Properties provide the convenience of public data members without the risks that come with unprotected, uncontrolled, and unverified access to an object's data. This is accomplished through accessors: special methods that assign and retrieve values from the underlying data member. The set accessor enables data members to be assigned, and the get accessor retrieves data member values.

This sample shows a Person class that has two properties: Name (string) and Age (int). Both properties provide get and set accessors, so they are considered read/write properties.


class Person
{
    private string name = "N/tcA";
    private int age = 0;

    // Declare a Name property of type string:
    public string Name
    {
        get
        {
            return name;
        }
        set
        {
            name = value;
        }
    }

    // Declare an Age property of type int:
    public int Age
    {
        get
        {
            return age;
        }

        set
        {
            age = value;
        }
    }

    public override string ToString()
    {
        return "Name = " + Name + ", Age = " + Age;
    }
}

class TestPerson
{
    static void Main()
    {
        // Create a new Person object:
        Person person = new Person();

        // Print out the name and the age associated with the person:
        Console.WriteLine("Person details - {0}", person);

        // Set some values on the person object:
        person.Name = "Joe";
        person.Age = 99;
        Console.WriteLine("Person details - {0}", person);

        // Increment the Age property:
        person.Age += 1;
        Console.WriteLine("Person details - {0}", person);

        // Keep the console window open in debug mode.
        Console.WriteLine("Press any key to exit.");
        Console.ReadKey();
    }
}
/* Output:
    Person details - Name = N/tcA, Age = 0
    Person details - Name = Joe, Age = 99
    Person details - Name = Joe, Age = 100
*/


In the previous example, the Name and Age properties are public and include both a get and a set accessor. This allows any object to read and write these properties. It is sometimes desirable, however, to exclude one of the accessors. Omitting the set accessor, for example, makes the property read-only:


public string Name
{
    get
    {
        return name;
    }
}


Alternatively, you can expose one accessor publicly but make the other private or protected. For more information, see Asymmetric Accessor Accessibility.
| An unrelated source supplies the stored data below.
theorem theorem1:
  fixes M :: "'a measure" and T :: real
    and Z :: "'a \<Rightarrow> bool"
    and P :: "bool \<Rightarrow> 'a \<Rightarrow> real set"
    and Y :: "'a \<Rightarrow> real option \<Rightarrow> real \<Rightarrow> real"
    and dY :: "'a \<Rightarrow> real \<Rightarrow> real \<Rightarrow> real"
  assumes prob: "prob_space M"
    and Z_meas: "Z \<in> measurable M (count_space UNIV)"
    and P_fin: "\<And>z \<omega>. \<omega> \<in> space M \<Longrightarrow> finite (P z \<omega>) \<and> P z \<omega> \<subseteq> {0..T}"
    and N_meas: "\<And>z t. (\<lambda>\<omega>. counting (P z \<omega>) t) \<in> measurable M (count_space UNIV)"
    and Y_meas: "\<And>\<tau> t. (\<lambda>\<omega>. Y \<omega> \<tau> t) \<in> borel_measurable M"
    and single: "\<And>z \<omega>. \<omega> \<in> space M \<Longrightarrow> single_point T (counting (P z \<omega>))"
    and randomization: "prob_space.indep_set M
          {{\<omega> \<in> space M. Z \<omega> = z} | z. True} (potential_sigma M P Y)"
    and no_anticipation: "\<And>\<omega> t \<tau> \<tau>'. \<omega> \<in> space M \<Longrightarrow> t \<in> {0..T} \<Longrightarrow>
          time_le_etime t \<tau> \<Longrightarrow> time_le_etime t \<tau>' \<Longrightarrow> Y \<omega> \<tau> t = Y \<omega> \<tau>' t"
    and deriv: "\<And>\<omega> t \<tau>. \<omega> \<in> space M \<Longrightarrow> t \<in> {0..T} \<Longrightarrow> \<tau> \<in> {0..T} \<Longrightarrow>
          ((\<lambda>s. Y \<omega> (Some s) t) has_real_derivative dY \<omega> \<tau> t) (at \<tau> within {0..T})"
    and deriv_int: "\<And>t. t \<in> {0..T} \<Longrightarrow>
          integrable (M \<Otimes>\<^sub>M lborel) (\<lambda>(\<omega>, \<tau>). indicator {0..T} \<tau> * dY \<omega> \<tau> t)"
  shows "(\<forall>t\<in>{0..T}. ACE_Y M T P Y t =
            (LINT \<tau>:{0..T}|lborel. cond_exp_event M (\<lambda>\<omega>. dY \<omega> \<tau> t) (between_event M T P False True \<tau>)
                                   * measure M (between_event M T P False True \<tau>))
          - (LINT \<tau>:{0..T}|lborel. cond_exp_event M (\<lambda>\<omega>. dY \<omega> \<tau> t) (between_event M T P True False \<tau>)
                                   * measure M (between_event M T P True False \<tau>)))
       \<and> ((\<forall>\<omega>\<in>space M. etime_leq (pot_time T P True \<omega>) (pot_time T P False \<omega>)) \<longrightarrow>
          (\<forall>t\<in>{0..T}. ACE_Y M T P Y t =
            - (LINT \<tau>:{0..T}|lborel. cond_exp_event M (\<lambda>\<omega>. dY \<omega> \<tau> t) (between_event M T P True False \<tau>)
                                     * ACE_N M P \<tau>)))"
proof (cases "0 \<le> T")
  case False
  then show ?thesis
    by auto
next
  case True
  interpret prob_space M
    by (rule prob)
  have e: "random_event_time M T (pot_time T P z)" for z
    using P_fin N_meas single by (rule random_event_time_pot_time)
  have counting_eq: "counting (P z \<omega>) \<tau> = (if etime_le (pot_time T P z \<omega>) \<tau> then 1 else 0)"
    if "\<omega> \<in> space M" for z \<omega> \<tau>
    using P_fin[OF that] single[OF that] by (intro counting_pot_time) auto
  show ?thesis
    using ACE_Y_eq_between_integrals[OF finite_measure_axioms True _ e Y_meas no_anticipation deriv deriv_int]
    by (simp add: between_event_eq_etime_between etime_between_eq_empty set_lebesgue_integral_def
        ACE_N_eq_measure_etime_between[OF finite_measure_axioms counting_eq] sets_etime_between[OF e e])
qed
Once the properties are declared, they can be used as if they were fields of the class. This allows for a very natural syntax when both getting and setting the value of a property, as in the following statements:


person.Name = "Joe";
person.Age = 99;


Note that in a property set method a special value variable is available. This variable contains the value that the user specified, for example:


name = value;


Notice the clean syntax for incrementing the Age property on a Person object:


person.Age += 1;


If separate set and get methods were used to model properties, the equivalent code might look like this:

person.SetAge(person.GetAge() + 1); 

The ToString method is overridden in this example:


public override string ToString()
{
    return "Name = " + Name + ", Age = " + Age;
}


Notice that ToString is not explicitly used in the program. It is invoked by default by the WriteLine calls.